Lesson 15

Find the value of each expression mentally.

\((0.23)  \boldcdot 100\)

\(50 \div 100\)

\(145 \boldcdot \frac{1}{100}\)

\(7 \div 100\)

A school held several evening activities last month—a music concert, a basketball game, a drama play, and literacy night. The music concert was attended by 250 people. How many people came to each of the other activities?

1. Attendance at a basketball game was 30% of attendance at the concert.
2. Attendance at the drama play was 140% of attendance at the concert.
3. Attendance at literacy night was 44% of attendance at the concert.

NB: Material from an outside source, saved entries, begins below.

text \<open>Let K_s be the joint kernel of M(a \<le> b) and M(a \<le> (s, y)) in M_a. As M_a is
  finite-dimensional, among the nonzero K_s (s \<ge> x) there is a least one; a nonzero u in it lies in
  K_x' and in every nonzero K_s. Middle exactness then shows that the support of u above a is a
  product J_S \<times> J_T of down-closed sets. Lifting backwards through exact squares, the vectors of
  M_p that vanish outside J_S \<times> J_T and agree with u further up form a compatible family of
  nonempty finite-dimensional affine subspaces, which by a Mittag-Leffler argument has a global
  section f supported exactly on B = J_S \<times> J_T. The span of f is a copy of k_B; a maximal
  submodule meeting it trivially (Zorn) is a complement, and indecomposability forces that
  complement to vanish.\<close>

lemma Zorn_minimal:
  fixes F :: "'a::order set"
  assumes "F \<noteq> {}"
    and "\<And>C. C \<subseteq> F \<Longrightarrow> C \<noteq> {} \<Longrightarrow> \<forall>a\<in>C. \<forall>b\<in>C. a \<le> b \<or> b \<le> a \<Longrightarrow> \<exists>l\<in>F. \<forall>a\<in>C. l \<le> a"
  shows "\<exists>m\<in>F. \<forall>a\<in>F. a \<le> m \<longrightarrow> a = m"
proof -
  have "\<exists>m\<in>F. \<forall>a\<in>F. m \<ge> a \<longrightarrow> a = m"
  proof (rule predicate_Zorn)
    show "partial_order_on F (relation_of (\<ge>) F)"
      by (rule partial_order_on_relation_ofI) auto
    fix C assume "C \<in> Chains (relation_of (\<ge>) F)"
    then have "C \<subseteq> F" "\<forall>a\<in>C. \<forall>b\<in>C. a \<le> b \<or> b \<le> a"
      unfolding Chains_def relation_of_def by auto
    then show "\<exists>u\<in>F. \<forall>a\<in>C. a \<ge> u"
      using assms by (cases "C = {}") auto
  qed
  then show ?thesis by blast
qed

lemma Zorn_maximal:
  fixes F :: "'a::order set"
  assumes "F \<noteq> {}"
    and "\<And>C. C \<subseteq> F \<Longrightarrow> C \<noteq> {} \<Longrightarrow> \<forall>a\<in>C. \<forall>b\<in>C. a \<le> b \<or> b \<le> a \<Longrightarrow> \<exists>u\<in>F. \<forall>a\<in>C. a \<le> u"
  shows "\<exists>m\<in>F. \<forall>a\<in>F. m \<le> a \<longrightarrow> a = m"
proof (rule predicate_Zorn)
  show "partial_order_on F (relation_of (\<le>) F)"
    by (rule partial_order_on_relation_ofI) auto
  fix C assume "C \<in> Chains (relation_of (\<le>) F)"
  then have "C \<subseteq> F" "\<forall>a\<in>C. \<forall>b\<in>C. a \<le> b \<or> b \<le> a"
    unfolding Chains_def relation_of_def by auto
  then show "\<exists>u\<in>F. \<forall>a\<in>C. a \<le> u"
    using assms by (cases "C = {}") auto
qed

section \<open>Affine subspaces\<close>

context vector_space
begin

definition affine_subspace :: "'b set \<Rightarrow> bool" where
  "affine_subspace A \<longleftrightarrow> (\<exists>a U. subspace U \<and> A = (+) a ` U)"

definition direction :: "'b set \<Rightarrow> 'b set" where
  "direction A = {b - c | b c. b \<in> A \<and> c \<in> A}"

lemma subspace_imp_affine_subspace: "subspace U \<Longrightarrow> affine_subspace U"
  unfolding affine_subspace_def by (rule exI[of _ 0]) auto

lemma direction_translate:
  assumes "subspace U"
  shows "direction ((+) a ` U) = U"
proof
  show "direction ((+) a ` U) \<subseteq> U"
    unfolding direction_def using subspace_diff[OF assms] by auto
  show "U \<subseteq> direction ((+) a ` U)"
  proof
    fix u assume "u \<in> U"
    then have "a + u \<in> (+) a ` U" "a + 0 \<in> (+) a ` U"
      using subspace_0[OF assms] by blast+
    then show "u \<in> direction ((+) a ` U)"
      unfolding direction_def by force
  qed
qed

lemma affine_subspace_nonempty: "affine_subspace A \<Longrightarrow> A \<noteq> {}"
  unfolding affine_subspace_def using subspace_0 by blast

lemma subspace_direction: "affine_subspace A \<Longrightarrow> subspace (direction A)"
  unfolding affine_subspace_def using direction_translate by auto

lemma affine_subspace_translate_direction:
  assumes "affine_subspace A" "a \<in> A"
  shows "A = (+) a ` direction A"
proof -
  obtain b U where U: "subspace U" "A = (+) b ` U"
    using assms(1) unfolding affine_subspace_def by blast
  then obtain u0 where u0: "u0 \<in> U" "a = b + u0" using assms(2) by blast
  have "(+) b ` U = (+) a ` U"
  proof (intro equalityI subsetI)
    fix v assume "v \<in> (+) b ` U"
    then obtain u where "u \<in> U" "v = b + u" by blast
    then have "u - u0 \<in> U" "v = a + (u - u0)"
      using subspace_diff[OF U(1) _ u0(1)] u0(2) by (auto simp: algebra_simps)
    then show "v \<in> (+) a ` U" by blast
  next
    fix v assume "v \<in> (+) a ` U"
    then obtain u where u: "u \<in> U" "v = a + u" by blast
    have "u0 + u \<in> U" using subspace_add[OF U(1) u0(1) u(1)] .
    moreover have "v = b + (u0 + u)" using u(2) u0(2) by (simp add: algebra_simps)
    ultimately show "v \<in> (+) b ` U" by blast
  qed
  then show ?thesis using U direction_translate by simp
qed

lemma direction_mono: "C \<subseteq> A \<Longrightarrow> direction C \<subseteq> direction A"
  unfolding direction_def by blast

lemma direction_subset_subspace: "A \<subseteq> S \<Longrightarrow> subspace S \<Longrightarrow> direction A \<subseteq> S"
  unfolding direction_def using subspace_diff by blast

lemma affine_subspace_eqI:
  assumes "affine_subspace A" "affine_subspace C" "C \<subseteq> A" "direction C = direction A"
  shows "C = A"
proof -
  obtain c where c: "c \<in> C" using affine_subspace_nonempty[OF assms(2)] by blast
  have "C = (+) c ` direction C" using affine_subspace_translate_direction[OF assms(2) c] .
  also have "\<dots> = (+) c ` direction A" using assms(4) by simp
  also have "\<dots> = A" using affine_subspace_translate_direction[OF assms(1)] c assms(3) by auto
  finally show ?thesis .
qed

lemma subspace_eq_if_dim_le:
  assumes "subspace U" "U \<subseteq> U'" "U' \<subseteq> span W" "finite W" "dim U' \<le> dim U"
  shows "U = U'"
proof (rule ccontr)
  assume "U \<noteq> U'"
  then obtain a where a: "a \<in> U'" "a \<notin> U" using assms(2) by blast
  obtain B where B: "B \<subseteq> U" "independent B" "U \<subseteq> span B" "card B = dim U"
    using basis_exists by blast
  obtain C where C: "C \<subseteq> U'" "independent C" "U' \<subseteq> span C" "card C = dim U'"
    using basis_exists by blast
  have "B \<subseteq> span W" "C \<subseteq> span W" using B(1) C(1) assms(2,3) by auto
  then have fin: "finite B" "finite C"
    using independent_span_bound[OF assms(4)] B(2) C(2) by auto
  have "span B \<subseteq> U" using span_minimal[OF B(1) assms(1)] .
  then have "a \<notin> span B" using a(2) by blast
  then have "independent (insert a B)" using independent_insertI B(2) by blast
  moreover have "insert a B \<subseteq> span C" using a(1) B(1) C(3) assms(2) by blast
  ultimately have "card (insert a B) \<le> card C"
    using independent_span_bound[OF fin(2)] by blast
  moreover have "a \<notin> B" using a(2) B(1) by blast
  then have "card (insert a B) = card B + 1" using fin(1) by simp
  ultimately show False using B(4) C(4) assms(5) by simp
qed

text \<open>Finite-dimensional affine subspaces satisfy the descending chain condition, since a strictly
  smaller affine subspace has a strictly smaller direction.\<close>
lemma directed_affine_family_has_least:
  assumes "finite W" "F \<noteq> {}"
    and F: "\<And>A. A \<in> F \<Longrightarrow> affine_subspace A \<and> A \<subseteq> span W"
    and directed: "\<And>A B. A \<in> F \<Longrightarrow> B \<in> F \<Longrightarrow> \<exists>C\<in>F. C \<subseteq> A \<and> C \<subseteq> B"
  shows "\<exists>A0\<in>F. \<forall>A\<in>F. A0 \<subseteq> A"
proof -
  obtain A0 where A0: "A0 \<in> F" "\<And>A. A \<in> F \<Longrightarrow> dim (direction A0) \<le> dim (direction A)"
    using ex_has_least_nat[of "\<lambda>A. A \<in> F" _ "\<lambda>A. dim (direction A)"] assms(2) by blast
  have "A0 \<subseteq> A" if A: "A \<in> F" for A
  proof -
    obtain C where C: "C \<in> F" "C \<subseteq> A0" "C \<subseteq> A" using directed[OF A0(1) A] by blast
    have aff: "affine_subspace C" "affine_subspace A0" and "A0 \<subseteq> span W"
      using F[OF C(1)] F[OF A0(1)] by auto
    then have "direction A0 \<subseteq> span W"
      using direction_subset_subspace by blast
    then have "direction C = direction A0"
      using subspace_eq_if_dim_le[OF subspace_direction[OF aff(1)] direction_mono[OF C(2)] _ assms(1)]
        A0(2)[OF C(1)] by blast
    then have "C = A0" using affine_subspace_eqI[OF aff(2,1) C(2)] by blast
    then show ?thesis using C(3) by blast
  qed
  then show ?thesis using A0(1) by blast
qed

lemma scale_in_span_singleton: "c *s x \<in> span {x}"
  using span_scale[OF span_base[OF singletonI]] .

lemma the_coordinate: "x \<noteq> 0 \<Longrightarrow> (THE c. a *s x = c *s x) = a"
  by (auto intro: the_equality)

lemma coordinate_span_singleton:
  assumes "x \<noteq> 0"
  shows "bij_betw (\<lambda>v. THE c. v = c *s x) (span {x}) UNIV"
    and "linear_on scale (*) (span {x}) (\<lambda>v. THE c. v = c *s x)"
proof -
  have span: "span {x} = range (\<lambda>c. c *s x)" by (rule span_singleton)
  have "inj_on (\<lambda>v. THE c. v = c *s x) (span {x})"
    using the_coordinate[OF assms] by (auto simp: span inj_on_def)
  moreover have "(\<lambda>v. THE c. v = c *s x) ` span {x} = UNIV"
  proof -
    have "c = (THE c'. c *s x = c' *s x)" "c *s x \<in> span {x}" for c
      using the_coordinate[OF assms, of c] span by auto
    then show ?thesis by blast
  qed
  ultimately show "bij_betw (\<lambda>v. THE c. v = c *s x) (span {x}) UNIV" by (simp add: bij_betw_def)
  show "linear_on scale (*) (span {x}) (\<lambda>v. THE c. v = c *s x)"
    unfolding linear_on_def span using the_coordinate[OF assms]
    by (auto simp: scale_left_distrib[symmetric])
qed

lemma subspace_common_kernel:
  assumes "subspace U" "\<And>i. i \<in> I \<Longrightarrow> linear_on scale scale U (f i)"
  shows "subspace {x \<in> U. \<forall>i\<in>I. f i x = 0}"
proof -
  have add: "f i (x + y) = f i x + f i y" and scale: "f i (c *s x) = c *s f i x"
    if "i \<in> I" "x \<in> U" "y \<in> U" for i x y c
    using assms(2)[OF that(1)] that(2,3) unfolding linear_on_def by blast+
  have "f i 0 = 0" if "i \<in> I" for i
    using add[OF that subspace_0[OF assms(1)] subspace_0[OF assms(1)]] by simp
  then show ?thesis
    using assms(1) add scale unfolding subspace_def by auto
qed

lemma subspace_kernel:
  assumes "subspace U" "linear_on scale scale U f"
  shows "subspace {x \<in> U. f x = 0}"
proof -
  have "{x \<in> U. f x = 0} = {x \<in> U. \<forall>i\<in>{()}. f x = 0}" by simp
  moreover have "subspace {x \<in> U. \<forall>i\<in>{()}. (\<lambda>_. f) i x = 0}"
    by (rule subspace_common_kernel) (use assms in simp_all)
  ultimately show ?thesis by simp
qed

During a sale, every item in a store is 80% of its regular price.

1. If the regular price of a T-shirt is $10, what is its sale price?
2. The regular prices of five items are shown here. Find the sale price of each item.

   	item 1	item 2	item 3	item 4	item 5
   regular price	$1	$4	$10	$55	$120
   sale price

3. You found 80% of many values. Was there a process you repeated over and over to find the sale prices? If so, describe it.

   

   

4. Select all of the expressions that could be used to find 80% of \(x\). Be prepared to explain your reasoning.

   \(\frac{8}{100} \boldcdot x\)

   \(\frac{80}{100} \boldcdot x\)

   \(\frac{8}{10} \boldcdot x\)

   \(\frac{4}{10} \boldcdot x\)

   \(\frac85 \boldcdot x\)

   \(\frac45 \boldcdot x\)

   \(80 \boldcdot x\)

   \(8 \boldcdot x\)

   \((0.8) \boldcdot x\)

   \((0.08) \boldcdot x\)

To find 49% of a number, we can multiply the number by \(\frac{49}{100}\) or 0.49.

To find 135% of a number, we can multiply the number by \(\frac{135}{100}\) or 1.35.

To find 6% of a number, we can multiply the number by \(\frac{6}{100}\) or 0.06.

In general, to find \(P\%\) of \(x\), we can multiply: \(\displaystyle \frac{P}{100} \boldcdot x\)